Xenophon only appears in direct conversation with Socrates in two short sections, one in his Memorabilia where he listens to Socrates’ views on kissing(!), the other in his The Anabasis of Cyrus where he recalls the conversation with Socrates with which he began his voyage. These astonishing sections read as follows:

Appendix 1: (Memorabilia I, 4; Bonnette translation)

“These were the sort of things he used to say with playfulness accompanied by seriousness.  On the other hand, he advised that one steadfastly refrain from sex with those who are beautiful. For he said that it is not easy when one touches these sorts to be moderate. In fact, after he perceived once that Critobulus the son of Crito had kissed the beautiful son of Alcibiades, he asked Xenophon in Critobulus’ presence”

“Tell me, Xenophon,” he said, “ didn’t you hold Critobulus to be one of the moderate rather than the rash human beings, and one of these with forethought rather than senseless and reckless?”

“Certainly,” said Xenophon.

“Well, hold now that he is hotheaded and heedless in the extreme. He would even make somersaults into daggers and leap into fire.”

“And what did you see him doing,” said Xenophon, “that you have formed such judgments about him?”

“Did he not dare to kiss the son of Alcibiades, who is most fair and in his bloom?” he said.

“But if that is the reckless deed,” said Xenophon,”in my opinion, I, too, would endure this risk.”

“You wretch!” said Socrates. “And what do you think you would suffer after kissing  someone so beautiful? Would you not immediately be a slave rather than free, spend a lot of harmful pleasures, be in great want of leisure for attending to anything noble and good, and be compelled to take seriously what even madman would not take seriously?”

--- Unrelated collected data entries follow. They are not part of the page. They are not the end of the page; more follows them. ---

(* Let $m,n\ge1$ and let $F\subseteq\{1,\dots,m\}\times\{1,\dots,n\}$ be a binary image with row sums $(r_1,\dots,r_m)$ and column sums $(c_1,\dots,c_n)$ (no assumption on $r_1$ or $r_m$). Let $L_h(F)$ be the length of the horizontal boundary of $F$. Define $b_i=\#\{j:c_j\ge i\}$ and $d_i=b_i-r_i$ for $i=1,\dots,m$, and set $d_0=d_{m+1}=0$. Let $k$ be an integer with $1\le k\le m$ such that $d_k<0$ and $d_{k+1}\ge0$, and let $\sigma=\sum_{i=1}^k d_i$. Then for all integers $t,s\ge0$, every set of indices $\{i_1<\dots<i_{2t+1}\}\subseteq\{0,1,\dots,k,m+1\}$ and every set of indices $\{\tilde i_1<\dots<\tilde i_{2s+1}\}\subseteq\{0,k+1,k+2,\dots,m+1\}$, \[ L_h(F)\ \ge\ 2r_1+\big(d_{i_1}-d_{i_2}+d_{i_3}-\cdots-d_{i_{2t}}+2d_{i_{2t+1}}\big)+\big(d_{\tilde i_1}-d_{\tilde i_2}+d_{\tilde i_3}-\cdots-d_{\tilde i_{2s}}+2d_{\tilde i_{2s+1}}\big)-\sigma. \]
   Context: A binary image is a finite set $F\subseteq\mathbb Z^2$; point $(i,j)$ lies in row $i$ and column $j$. The row sum $r_i$ is the number of points of $F$ in row $i$, and the column sum $c_j$ is the number of points of $F$ in column $j$. The horizontal boundary of $F$ is the set of ordered pairs of points $((i,j),(i',j))$ of $\mathbb Z^2$ with $|i-i'|=1$, $(i,j)\in F$ and $(i',j)\notin F$; its length is the number of such pairs. *)

theory Defs
  imports Main
begin

definition row_sum :: "(int \<times> int) set \<Rightarrow> int \<Rightarrow> nat" where
  "row_sum F i = card {j. (i, j) \<in> F}"

definition col_sum :: "(int \<times> int) set \<Rightarrow> int \<Rightarrow> nat" where
  "col_sum F j = card {i. (i, j) \<in> F}"

definition hboundary :: "(int \<times> int) set \<Rightarrow> ((int \<times> int) \<times> (int \<times> int)) set" where
  "hboundary F = {((i, j), (i', j)) | i j i'. \<bar>i - i'\<bar> = 1 \<and> (i, j) \<in> F \<and> (i', j) \<notin> F}"

definition hboundary_length :: "(int \<times> int) set \<Rightarrow> nat" where
  "hboundary_length F = card (hboundary F)"

definition bseq :: "(int \<times> int) set \<Rightarrow> int \<Rightarrow> int \<Rightarrow> nat" where
  "bseq F n i = card {j \<in> {1..n}. int (col_sum F j) \<ge> i}"

text \<open>d_i = b_i - r_i for 1 <= i <= m, and d_i = 0 otherwise (in particular d_0 = d_{m+1} = 0;
  only indices in 0..m+1 are ever used).\<close>
definition dseq :: "(int \<times> int) set \<Rightarrow> int \<Rightarrow> int \<Rightarrow> int \<Rightarrow> int" where
  "dseq F m n i = (if 1 \<le> i \<and> i \<le> m then int (bseq F n i) - int (row_sum F i) else 0)"

definition alt_sum :: "(int \<Rightarrow> int) \<Rightarrow> (nat \<Rightarrow> int) \<Rightarrow> nat \<Rightarrow> int" where
  "alt_sum d idx t = (\<Sum>l = 1..2 * t. (-1) ^ (l + 1) * d (idx l)) + 2 * d (idx (2 * t + 1))"

end

theory Submission
  imports Defs
begin

text \<open>
  Everything in the statement is additive over the columns of the image.  Encode column
  j by its 0/1 indicator x_j on the rows 1..m and let c_j be its height.  Then d_i is the
  sum of the column defects e_j(i) = [1 <= i <= c_j] - x_j(i), r_1 is the sum of the
  x_j(1), and the horizontal boundary has one pair for each change of some x_j between
  consecutive rows in 0..m+1.  So it suffices to prove the inequality for one column,
  with d replaced by e_j and an extra term -e_j(k) when i_{2t+1} = k; after summation
  this term is -d_k > 0, so of the two sign hypotheses only d_k < 0 is needed.
  For one column, an alternating sum along increasing indices is bounded by the upward
  variation up to the last index plus the last value; this reduces both alternating sums
  to expressions in a single endpoint.  The resulting inequality is proved by amortisation:
  an explicit potential of the local state at row N decreases from row N to N+1 by at most
  a step budget (a finite case check), and telescoping over the rows gives the bound.
\<close>


lemma sum_int_split:
  fixes f :: "int \<Rightarrow> 'a::comm_monoid_add"
  assumes "a \<le> b" "b \<le> c"
  shows "sum f {a..<c} = sum f {a..<b} + sum f {b..<c}"
  using assms by (simp add: sum.union_disjoint[symmetric] ivl_disj_un)

lemma sum_int_telescope:
  fixes f :: "int \<Rightarrow> int"
  assumes "a \<le> b"
  shows "(\<Sum>i\<in>{a..<b}. f (i+1) - f i) = f b - f a"
  using assms
proof (induct b rule: int_ge_induct)
  case base
  then show ?case by simp
next
  case (step i)
  have "{a..<i+1} = insert i {a..<i}" using step by auto
  then show ?case using step by simp
qed

lemma sum_int_cutoff:
  fixes g :: "int \<Rightarrow> int"
  assumes "a \<le> b" "b \<le> c"
  shows "(\<Sum>i\<in>{a..<c}. if i < b then g i else 0) = (\<Sum>i\<in>{a..<b}. g i)"
proof -
  have "(\<Sum>i\<in>{a..<c}. if i < b then g i else 0)
      = (\<Sum>i\<in>{a..<b}. if i < b then g i else 0) + (\<Sum>i\<in>{b..<c}. if i < b then g i else 0)"
    using assms by (rule sum_int_split)
  also have "(\<Sum>i\<in>{b..<c}. if i < b then g i else 0) = 0" by (intro sum.neutral) auto
  also have "(\<Sum>i\<in>{a..<b}. if i < b then g i else 0) = (\<Sum>i\<in>{a..<b}. g i)"
    by (intro sum.cong) auto
  finally show ?thesis by simp
qed

lemma int_card_as_indicator_sum:
  assumes "finite B" "A \<subseteq> B"
  shows "int (card A) = (\<Sum>i\<in>B. if i \<in> A then 1 else 0)"
proof -
  have "(\<Sum>i\<in>B. if i \<in> A then 1 else (0::int)) = (\<Sum>i\<in>{i\<in>B. i \<in> A}. 1)"
    by (rule sum.inter_filter[OF assms(1), symmetric])
  also have "{i\<in>B. i \<in> A} = A" using assms by auto
  finally show ?thesis by simp
qed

“Heracles!” said Xenophon. “What terrible power you ascribe to a kiss.”

“And do you wonder at this?” said Socrates. “Don’t you know that poisonous spiders not even half an obol in size crush human beings with pain and drive them from their senses  merely by touching them in their mouths?”

“Yes, by Zeus!” said Xenophon, “For spiders inject something through their sting.”

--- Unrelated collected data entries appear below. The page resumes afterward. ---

lemma amalg_dup_simps:
  "(a, b) \<otimes>\<^bsub>amalg_dup R I\<^esub> (c, d) = (a \<otimes>\<^bsub>R\<^esub> c, b \<otimes>\<^bsub>R\<^esub> d)"
  "(a, b) \<oplus>\<^bsub>amalg_dup R I\<^esub> (c, d) = (a \<oplus>\<^bsub>R\<^esub> c, b \<oplus>\<^bsub>R\<^esub> d)"
  "\<one>\<^bsub>amalg_dup R I\<^esub> = (\<one>\<^bsub>R\<^esub>, \<one>\<^bsub>R\<^esub>)"
  "\<zero>\<^bsub>amalg_dup R I\<^esub> = (\<zero>\<^bsub>R\<^esub>, \<zero>\<^bsub>R\<^esub>)"
  by (simp_all add: amalg_dup_def RDirProd_simps)

lemma RDirProd_carrier_amalg_dup:
  "(RDirProd R R)\<lparr>carrier := carrier (amalg_dup R I)\<rparr> = amalg_dup R I"
  unfolding amalg_dup_def by simp

context
  fixes R (structure) and I
  assumes R: "cring R" and I: "ideal I R"
begin

interpretation cring R by (rule R)
interpretation I: ideal I R by (rule I)

abbreviation dup where "dup \<equiv> amalg_dup R I"

lemma amalg_dup_mem_iff:
  "(a, b) \<in> carrier dup \<longleftrightarrow> a \<in> carrier R \<and> b \<in> carrier R \<and> b \<ominus> a \<in> I"
proof
  assume "(a, b) \<in> carrier dup"
  then obtain i where "a \<in> carrier R" "i \<in> I" "b = a \<oplus> i"
    by (auto simp: amalg_dup_def RDirProd_def DirProd_def monoid.defs)
  moreover from this have "b \<ominus> a = i" using I.Icarr by algebra
  ultimately show "a \<in> carrier R \<and> b \<in> carrier R \<and> b \<ominus> a \<in> I" using I.Icarr by auto
next
  assume ab: "a \<in> carrier R \<and> b \<in> carrier R \<and> b \<ominus> a \<in> I"
  then have "b = a \<oplus> (b \<ominus> a)" by algebra
  with ab show "(a, b) \<in> carrier dup"
    by (auto simp: amalg_dup_def RDirProd_def DirProd_def monoid.defs)
qed

lemma amalg_dup_diag_mem: "s \<in> carrier R \<Longrightarrow> (s, s) \<in> carrier dup"
  by (simp add: amalg_dup_mem_iff a_minus_def r_neg)
(* Let $\mathscr{F}:\mathscr{C}_1\to\mathscr{C}_2$ be a functor that inverts coproducts, and suppose $\mathscr{C}_2$ is extensive. If $\mathcal{F}$ is an extensive presheaf on $\mathscr{C}_1$, then its right Kan extension $\mathscr{F}_*\mathcal{F}$ is an extensive presheaf on $\mathscr{C}_2$.
   Context: All categories are locally small. A functor $\mathscr{F}:\mathscr{C}_1\to\mathscr{C}_2$ inverts coproducts if it is fully faithful and, whenever $\mathscr{F}(X)=\coprod_{i\in I}Z_i$ (a coproduct in $\mathscr{C}_2$) for some object $X$ of $\mathscr{C}_1$, there exist objects $X_i$ of $\mathscr{C}_1$ and isomorphisms $\mathscr{F}(X_i)\to Z_i$. A category is extensive if it has an initial object $\emptyset$, existing binary coproducts are disjoint (the square formed by $\emptyset\to X$, $\emptyset\to Y$ and the coproduct injections into $X\sqcup Y$ is a pullback), and coproducts are stable under pullback: for any existing coproduct $\coprod_iU_i$ and any $f:X\to\coprod_iU_i$, the pullbacks $X\times_{\coprod U_i}U_i$ exist and $X$ is their coproduct via the projections to $X$ (existence of all coproducts is not required). A presheaf on $\mathscr{C}$ is a functor $\mathscr{C}^{op}\to\mathrm{Set}$, with $f^*:=\mathcal{F}(f)$; it is extensive if for every coproduct $X=\coprod_iX_i$ existing in $\mathscr{C}$ the canonical map $\mathcal{F}(X)\to\prod_i\mathcal{F}(X_i)$ induced by the coproduct injections is a bijection. For a presheaf $\mathcal{F}$ on $\mathscr{C}_1$ and an object $Y$ of $\mathscr{C}_2$, let $\mathscr{F}/Y$ be the category of pairs $(X,\psi)$ with $X\in\mathscr{C}_1$ and $\psi:\mathscr{F}(X)\to Y$, a morphism $(X_1,\psi_1)\to(X_2,\psi_2)$ being $f:X_1\to X_2$ with $\psi_2\circ\mathscr{F}(f)=\psi_1$. Then $(\mathscr{F}_*\mathcal{F})(Y)$ is the set of families $(s_{X,\psi}\in\mathcal{F}(X))_{(X,\psi)\in\mathscr{F}/Y}$ with $f^*s_{X_2,\psi_2}=s_{X_1,\psi_1}$ for every morphism $f$ of $\mathscr{F}/Y$, and $g:Y_1\to Y_2$ acts by $(s_{X,\psi})\mapsto(s_{X,g\circ\phi})_{(X,\phi)\in\mathscr{F}/Y_1}$ (the right Kan extension). *)

theory Defs
  imports Main "HOL-Library.FuncSet"
begin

“You fool!” said Socrates. “Do you think that when those who are beautiful kiss they don’t inject anything, just because you don’t see it? Don’t you know that this beast that they call beautiful in bloom is so much more terrible than spiders that, while spiders inject  something when they touch, it (even when it does not touch, but if one just looks at it) injects even from quite far away something of the sort to drive one mad? And perhaps ‘lovers’ are called ‘archers’ because those who are beautiful inflict wounds even from afar. But I counsel you, Xenophon, whenever you see someone beautiful, to flee without looking back .”

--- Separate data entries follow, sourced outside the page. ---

(* For all integers $m\ge1$, $r\ge0$ and $n\ge1$, $$\mathcal D_{m,r}(n,x)=(-1)^n\det M_n,$$ where $M_n$ is the $(n+1)\times(n+1)$ matrix with rows and columns indexed by $0,\dots,n$, whose row $0$ is $(1,x,x^2,\dots,x^n)$ and whose row $i$ for $1\le i\le n$ is $\big(w_{m,r}(0,i-1),w_{m,r}(1,i-1),\dots,w_{m,r}(n,i-1)\big)$; explicitly $$M_n=\begin{pmatrix}1&x&\cdots&x^{n-1}&x^n\\ 1&w_{m,r}(1,0)&\cdots&w_{m,r}(n-1,0)&w_{m,r}(n,0)\\ 0&1&\cdots&w_{m,r}(n-1,1)&w_{m,r}(n,1)\\ \vdots&&\ddots&&\vdots\\ 0&0&\cdots&1&w_{m,r}(n,n-1)\end{pmatrix}.$$
   Context: For integers $m\ge1$, $n,k,r\ge0$: the $r$-Whitney numbers of the first kind $w_{m,r}(n,k)$ are defined by $\sum_{n\ge k}w_{m,r}(n,k)\frac{z^n}{n!}=(1+mz)^{-r/m}\frac{\ln^k(1+mz)}{m^kk!}$ (so $w_{m,r}(n,n)=1$ and $w_{m,r}(n,k)=0$ for $k>n$); the $r$-Whitney numbers of the second kind $W_{m,r}(n,k)$ by $\sum_{n\ge k}W_{m,r}(n,k)\frac{z^n}{n!}=\frac{e^{rz}}{k!}\left(\frac{e^{mz}-1}{m}\right)^k$; and the $r$-Dowling polynomial is $\mathcal D_{m,r}(n,u):=\sum_{k=0}^nW_{m,r}(n,k)u^k$. *)

theory Defs
  imports "HOL-Computational_Algebra.Formal_Power_Series" "Jordan_Normal_Form.Determinant"
begin

text \<open>Here fps_binomial a = (1+z)^a and fps_ln 1 = ln(1+z);
  composing with m z gives the series in m z.\<close>
definition whitney1 :: "nat \<Rightarrow> nat \<Rightarrow> nat \<Rightarrow> nat \<Rightarrow> real" where
  "whitney1 m r n k =
     fact n * fps_nth ((fps_binomial (- (real r / real m)) oo (fps_const (real m) * fps_X))
               * ((fps_ln 1 oo (fps_const (real m) * fps_X)) ^ k)
               * fps_const (1 / (real m ^ k * fact k))) n"

definition whitney2 :: "nat \<Rightarrow> nat \<Rightarrow> nat \<Rightarrow> nat \<Rightarrow> real" where
  "whitney2 m r n k =
     fact n * fps_nth (fps_exp (real r) * fps_const (1 / fact k)
               * (fps_const (1 / real m) * (fps_exp (real m) - 1)) ^ k) n"

definition dowling :: "nat \<Rightarrow> nat \<Rightarrow> nat \<Rightarrow> real \<Rightarrow> real" where
  "dowling m r n u = (\<Sum>k=0..n. whitney2 m r n k * u ^ k)"

end

theory Submission
  imports Defs
begin

text \<open>Let \<open>U = (exp(m z) - 1)/m\<close> and let \<open>F\<^sub>k\<close> be the exponential generating function
  of \<open>w(\<cdot>, k)\<close>. Since \<open>1 + m U = exp(m z)\<close>, substituting \<open>U\<close> into \<open>F\<^sub>k\<close> gives
  \<open>exp(-r z) z\<^sup>k / k!\<close>; comparing coefficients, the lower unitriangular matrix \<open>(W(k, j))\<close> is
  the inverse of \<open>(w(j, i))\<close>. Hence multiplying \<open>M\<^sub>n\<close> on the right by the unitriangular matrix
  \<open>(W(k, j))\<^sub>j\<^sub>,\<^sub>k\<close> leaves the determinant unchanged, turns row 0 into
  \<open>(D(k, x))\<^sub>k\<close> and row \<open>i \<ge> 1\<close> into the unit vector \<open>e\<^sub>i\<^sub>-\<^sub>1\<close>; expanding along the last column
  gives \<open>(-1)\<^sup>n D(n, x)\<close>.\<close>

lemma fps_const_mult_X_compose:
  fixes c :: "'a::idom" and g :: "'a fps"
  assumes "fps_nth g 0 = 0"
  shows "(fps_const c * fps_X) oo g = fps_const c * g"
  using assms by (simp add: fps_compose_mult_distrib)

lemma fps_ln_compose_exp_minus_one:
  fixes c :: real
  assumes "c \<noteq> 0"
  shows "fps_ln 1 oo (fps_exp c - 1) = fps_const c * fps_X"
proof -
  have scale: "fps_exp c - 1 = (fps_exp 1 - 1) oo (fps_const c * fps_X)"
    by (simp add: fps_compose_sub_distrib)
  have "fps_ln (1::real) oo (fps_exp 1 - 1) = fps_X"
    by (simp add: fps_ln_fps_exp_inv fps_inv_fps_exp_compose)
  then show ?thesis
    unfolding scale by (subst fps_compose_assoc) auto
qed

text \<open>Both sides solve \<open>y' = c d y\<close>: composing \<open>(1 + z) B' = c B\<close> with \<open>v = exp(d z) - 1\<close>
  turns the factor \<open>1 + v\<close> into \<open>exp(d z) = v' / d\<close>.\<close>
lemma fps_binomial_compose_exp_minus_one:
  fixes c d :: real
  shows "fps_binomial c oo (fps_exp d - 1) = fps_exp (c * d)"
proof -
  define B where "B = (fps_binomial c :: real fps)"
  define v where "v = (fps_exp d - 1 :: real fps)"
  have v0: "fps_nth v 0 = 0"
    by (simp add: v_def)
  have "fps_deriv B = fps_const c * B / (1 + fps_X)"
    unfolding B_def by (subst fps_binomial_ODE_unique) simp
  moreover have "(1 + fps_X) * inverse (1 + fps_X :: real fps) = 1"
    by (simp add: inverse_mult_eq_1')
  ultimately have "(1 + fps_X) * fps_deriv B = fps_const c * B"
    by (simp add: fps_divide_unit)
  then have "((1 + fps_X) oo v) * (fps_deriv B oo v) = fps_const c * (B oo v)"
    by (metis fps_compose_mult_distrib v0 fps_const_compose)
  then have ode: "fps_exp d * (fps_deriv B oo v) = fps_const c * (B oo v)"
    using v0 by (simp add: fps_compose_add_distrib v_def)
  have "fps_deriv (B oo v) = (fps_deriv B oo v) * (fps_const d * fps_exp d)"
    using v0 by (simp add: fps_compose_deriv v_def)
  also have "\<dots> = fps_const (c * d) * (B oo v)"
    using ode by (simp add: algebra_simps flip: fps_const_mult)
  finally have "B oo v = fps_const (fps_nth (B oo v) 0) * fps_exp (c * d)"
    using fps_exp_unique_ODE by blast
  then show ?thesis
    by (simp add: B_def v_def)
qed

lemma fps_compose_nth_upto:
  fixes f g :: "'a::comm_ring_1 fps"
  assumes "fps_nth g 0 = 0" and "p \<le> N"
  shows "fps_nth (f oo g) p = (\<Sum>j=0..N. fps_nth f j * fps_nth (g ^ j) p)"
proof -
  have "(\<Sum>j=0..N. fps_nth f j * fps_nth (g ^ j) p) = (\<Sum>j=0..p. fps_nth f j * fps_nth (g ^ j) p)"
    using assms startsby_zero_power_prefix[OF assms(1)]
    by (intro sum.mono_neutral_right) auto
  then show ?thesis
    by (simp add: fps_compose_nth)
qed

definition scaled_exp_minus_one :: "nat \<Rightarrow> real fps" where
  "scaled_exp_minus_one m = fps_const (1 / real m) * (fps_exp (real m) - 1)"

definition whitney1_egf :: "nat \<Rightarrow> nat \<Rightarrow> nat \<Rightarrow> real fps" where
  "whitney1_egf m r k =
     (fps_binomial (- (real r / real m)) oo (fps_const (real m) * fps_X))
       * ((fps_ln 1 oo (fps_const (real m) * fps_X)) ^ k)
       * fps_const (1 / (real m ^ k * fact k))"

lemma scaled_exp_minus_one_nth_0 [simp]: "fps_nth (scaled_exp_minus_one m) 0 = 0"
  by (simp add: scaled_exp_minus_one_def)

lemma whitney1_eq_egf_nth: "whitney1 m r n k = fact n * fps_nth (whitney1_egf m r k) n"
  by (simp add: whitney1_def whitney1_egf_def)

lemma whitney2_eq_fps_nth:
  "whitney2 m r n k = fact n / fact k * fps_nth (fps_exp (real r) * scaled_exp_minus_one m ^ k) n"
proof -
  have reorder: "fps_exp (real r) * fps_const (1 / fact k) * scaled_exp_minus_one m ^ k
      = fps_const (1 / fact k) * (fps_exp (real r) * scaled_exp_minus_one m ^ k)"
    by (simp add: algebra_simps)
  show ?thesis
    unfolding whitney2_def scaled_exp_minus_one_def[symmetric] reorder by simp
qed

lemma whitney1_egf_compose_scaled_exp_minus_one:
  assumes "m \<noteq> 0"
  shows "fps_exp (real r) * (whitney1_egf m r k oo scaled_exp_minus_one m)
       = fps_const (1 / fact k) * fps_X ^ k"
proof -
  let ?U = "scaled_exp_minus_one m"
  have "real m * (1 / real m) = 1"
    using assms by simp
  then have "fps_const (real m) * fps_const (1 / real m) = (1::real fps)"
    by (simp only: fps_const_mult fps_const_1_eq_1)
  then have inner: "(fps_const (real m) * fps_X) oo ?U = fps_exp (real m) - 1"
    by (simp add: fps_const_mult_X_compose scaled_exp_minus_one_def flip: mult.assoc)
  have binomial: "(fps_binomial (- (real r / real m)) oo (fps_const (real m) * fps_X)) oo ?U
      = fps_exp (- real r)"
    using assms by (simp add: inner fps_binomial_compose_exp_minus_one flip: fps_compose_assoc)
  have ln: "(fps_ln 1 oo (fps_const (real m) * fps_X)) oo ?U = fps_const (real m) * fps_X"
    using assms by (simp add: inner fps_ln_compose_exp_minus_one flip: fps_compose_assoc)
  have "whitney1_egf m r k oo ?U = fps_exp (- real r) * (fps_const (real m) * fps_X) ^ k
        * fps_const (1 / (real m ^ k * fact k))"
    unfolding whitney1_egf_def fps_compose_mult_distrib[OF scaled_exp_minus_one_nth_0]
      fps_const_compose fps_compose_power[OF scaled_exp_minus_one_nth_0, symmetric] binomial ln ..
  also have "\<dots> = fps_exp (- real r) * (fps_const (1 / fact k) * fps_X ^ k)"
  proof -
    have "real m ^ k * (1 / (fact k * real m ^ k)) = 1 / fact k"
      using assms by simp
    then show ?thesis
      by (simp add: power_mult_distrib fps_const_power algebra_simps)
  qed
  finally show ?thesis
    by (simp flip: mult.assoc fps_exp_add_mult)
qed

lemma whitney2_whitney1_inverse:
  assumes "m \<noteq> 0" and "k \<le> N"
  shows "(\<Sum>j=0..N. whitney2 m r k j * whitney1 m r j i) = (if k = i then 1 else 0)"
proof -
  let ?E = "fps_exp (real r)" and ?U = "scaled_exp_minus_one m" and ?F = "whitney1_egf m r i"
  have "(\<Sum>j=0..N. whitney2 m r k j * whitney1 m r j i)
      = fact k * (\<Sum>j=0..N. fps_nth ?F j * fps_nth (?E * ?U ^ j) k)"
    by (simp add: whitney2_eq_fps_nth whitney1_eq_egf_nth sum_distrib_left mult_ac)
  also have "(\<Sum>j=0..N. fps_nth ?F j * fps_nth (?E * ?U ^ j) k)
      = (\<Sum>q=0..k. fps_nth ?E q * (\<Sum>j=0..N. fps_nth ?F j * fps_nth (?U ^ j) (k - q)))"
    by (simp add: fps_mult_nth sum_distrib_left mult_ac sum.swap[of _ "{0..N}"])
  also have "\<dots> = fps_nth (?E * (?F oo ?U)) k"
    unfolding fps_mult_nth using assms(2) by (intro sum.cong refl) (simp flip: fps_compose_nth_upto)
  also have "\<dots> = (if k = i then 1 / fact i else 0)"
    using assms(1) by (simp add: whitney1_egf_compose_scaled_exp_minus_one)
  finally show ?thesis
    by simp
qed

lemma whitney2_eq_0_above_diag: "n < k \<Longrightarrow> whitney2 m r n k = 0"
  using startsby_zero_power_prefix[OF scaled_exp_minus_one_nth_0]
  by (simp add: whitney2_eq_fps_nth fps_mult_nth)

lemma whitney2_diag:
  assumes "m \<noteq> 0"
  shows "whitney2 m r k k = 1"
proof -
  let ?U = "scaled_exp_minus_one m"
  have "fps_nth (fps_exp (real r) * ?U ^ k) k = (\<Sum>q=0..k. fps_nth (fps_exp (real r)) q * fps_nth (?U ^ k) (k - q))"
    by (simp add: fps_mult_nth)
  also have "\<dots> = fps_nth (fps_exp (real r)) 0 * fps_nth (?U ^ k) k"
    using startsby_zero_power_prefix[OF scaled_exp_minus_one_nth_0, of k]
    by (subst sum.remove[of _ 0]) auto
  also have "\<dots> = 1"
  proof -
    have "fps_nth ?U 1 = 1"
      using assms by (simp add: scaled_exp_minus_one_def)
    then show ?thesis
      by (simp add: startsby_zero_power_nth_same)
  qed
  finally show ?thesis
    by (simp add: whitney2_eq_fps_nth)
qed

lemma dowling_eq_sum_upto:
  assumes "n \<le> N"
  shows "dowling m r n x = (\<Sum>k=0..N. whitney2 m r n k * x ^ k)"
  unfolding dowling_def using assms whitney2_eq_0_above_diag
  by (intro sum.mono_neutral_left) auto

lemma det_upper_unitriangular:
  fixes A :: "'a::comm_ring_1 mat"
  assumes "A \<in> carrier_mat n n"
    and "\<And>i j. i < n \<Longrightarrow> j < i \<Longrightarrow> A $$ (i, j) = 0"
    and "\<And>i. i < n \<Longrightarrow> A $$ (i, i) = 1"
  shows "det A = 1"
proof -
  have "upper_triangular A"
    using assms(1,2) by (auto simp: upper_triangular_def)
  then have "det A = prod_list (diag_mat A)"
    using det_upper_triangular assms(1) by blast
  also have "diag_mat A = replicate n 1"
    using assms(1,3) by (auto simp: diag_mat_def intro: nth_equalityI)
  finally show ?thesis
    by simp
qed

lemma det_first_row_then_shifted_identity:
  fixes a :: "nat \<Rightarrow> 'a::comm_ring_1"
  shows "det (mat (n+1) (n+1) (\<lambda>(i, k). if i = 0 then a k else if k = i - 1 then 1 else 0))
       = (-1) ^ n * a n"
  (is "det ?P = _")
proof -
  have P: "?P \<in> carrier_mat (n+1) (n+1)"
    by simp
  have "det ?P = (\<Sum>i<n+1. ?P $$ (i, n) * cofactor ?P i n)"
    using laplace_expansion_column[OF P] by simp
  also have "\<dots> = ?P $$ (0, n) * cofactor ?P 0 n"
    by (subst sum.mono_neutral_right[where S="{0}"]) auto
  also have "mat_delete ?P 0 n = 1\<^sub>m n"
    by (rule eq_matI) (auto simp: mat_delete_def)
  then have "?P $$ (0, n) * cofactor ?P 0 n = (-1) ^ n * a n"
    by (simp add: cofactor_def)
  finally show ?thesis .
qed

lemma whitney1_matrix_mult_whitney2:
  assumes "m \<noteq> 0"
  shows "mat (n+1) (n+1) (\<lambda>(i, j). if i = 0 then x ^ j else whitney1 m r j (i - 1))
       * mat (n+1) (n+1) (\<lambda>(j, k). whitney2 m r k j)
     = mat (n+1) (n+1) (\<lambda>(i, k). if i = 0 then dowling m r k x else if k = i - 1 then 1 else 0)"
  (is "?M * ?C = ?P")
proof (rule eq_matI)
  fix i k
  assume "i < dim_row ?P" and "k < dim_col ?P"
  then have i: "i \<le> n" and k: "k \<le> n"
    by auto
  show "(?M * ?C) $$ (i, k) = ?P $$ (i, k)"
    using i k whitney2_whitney1_inverse[OF assms k, where i="i - 1"] dowling_eq_sum_upto[OF k, of m r x]
    by (auto simp: scalar_prod_def atLeastLessThanSuc_atLeastAtMost mult.commute intro: sum.cong)
qed auto

theorem mainTheorem20:
  fixes m r n :: nat and x :: real
  assumes "m \<ge> 1" and "n \<ge> 1"
  shows "dowling m r n x =
    (-1) ^ n * det (mat (n+1) (n+1)
       (\<lambda>(i,j). if i = 0 then x ^ j else whitney1 m r j (i - 1)))"
proof -
  have m: "m \<noteq> 0"
    using assms(1) by simp
  define M where "M = mat (n+1) (n+1) (\<lambda>(i,j). if i = 0 then x ^ j else whitney1 m r j (i - 1))"
  define C where "C = mat (n+1) (n+1) (\<lambda>(j, k). whitney2 m r k j)"
  have "det C = 1"
    unfolding C_def using whitney2_eq_0_above_diag whitney2_diag[OF m]
    by (intro det_upper_unitriangular) auto
  then have "det M = det (M * C)"
    by (simp add: M_def C_def det_mult[of _ "n+1"])
  also have "\<dots> = (-1) ^ n * dowling m r n x"
    unfolding M_def C_def whitney1_matrix_mult_whitney2[OF m] det_first_row_then_shifted_identity ..
  finally show ?thesis
    unfolding M_def by (simp flip: mult.assoc power_mult_distrib)
qed

end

Appendix 2: (The Anabasis of Cyrus III, 1, 4; Ambler translation )

“In the army there was a certain Xenophon, an Athenian, who followed along even though he was neither a general nor a captain nor a soldier; but Proxenus, a guest-friend of his from long ago, had sent for him to come home. He promised that if he came, he would make him a friend of Cyrus, whom Proxenus himself had said he believed to be the better for himself than his fatherland was. So Xenophon, on reading his letter, took common counsel with Socrates the Athenian about the journey. And Socrates, suspecting that becoming a friend of Cyrus might bring an accusation from the city, because Cyrus had seemed eager in joining the Lacedaemonians in making war against the Athenians, advised Xenophon to go to Delphi and take common counsel with the god about the journey. Xenophon went and asked Apollo to which one of the gods he should sacrifice and pray in order to make the journey he had in mind in the noblest and best way and, after faring well, to return safely. And Apollo indicated to him the gods to whom he needed to sacrifice.

When he came back again, he told the oracular response to Socrates. On hearing it, Socrates blamed him because  he did not first ask whether it was more advisable for him  to make the journey or to remain, but he himself had judged that he was to go and then inquired how he might go in the noblest way. “However, since you did ask it in this way,” he said, “you must do all that the god bade.”

So after sacrificing to the ones the god had indicated, Xenophon sailed off.”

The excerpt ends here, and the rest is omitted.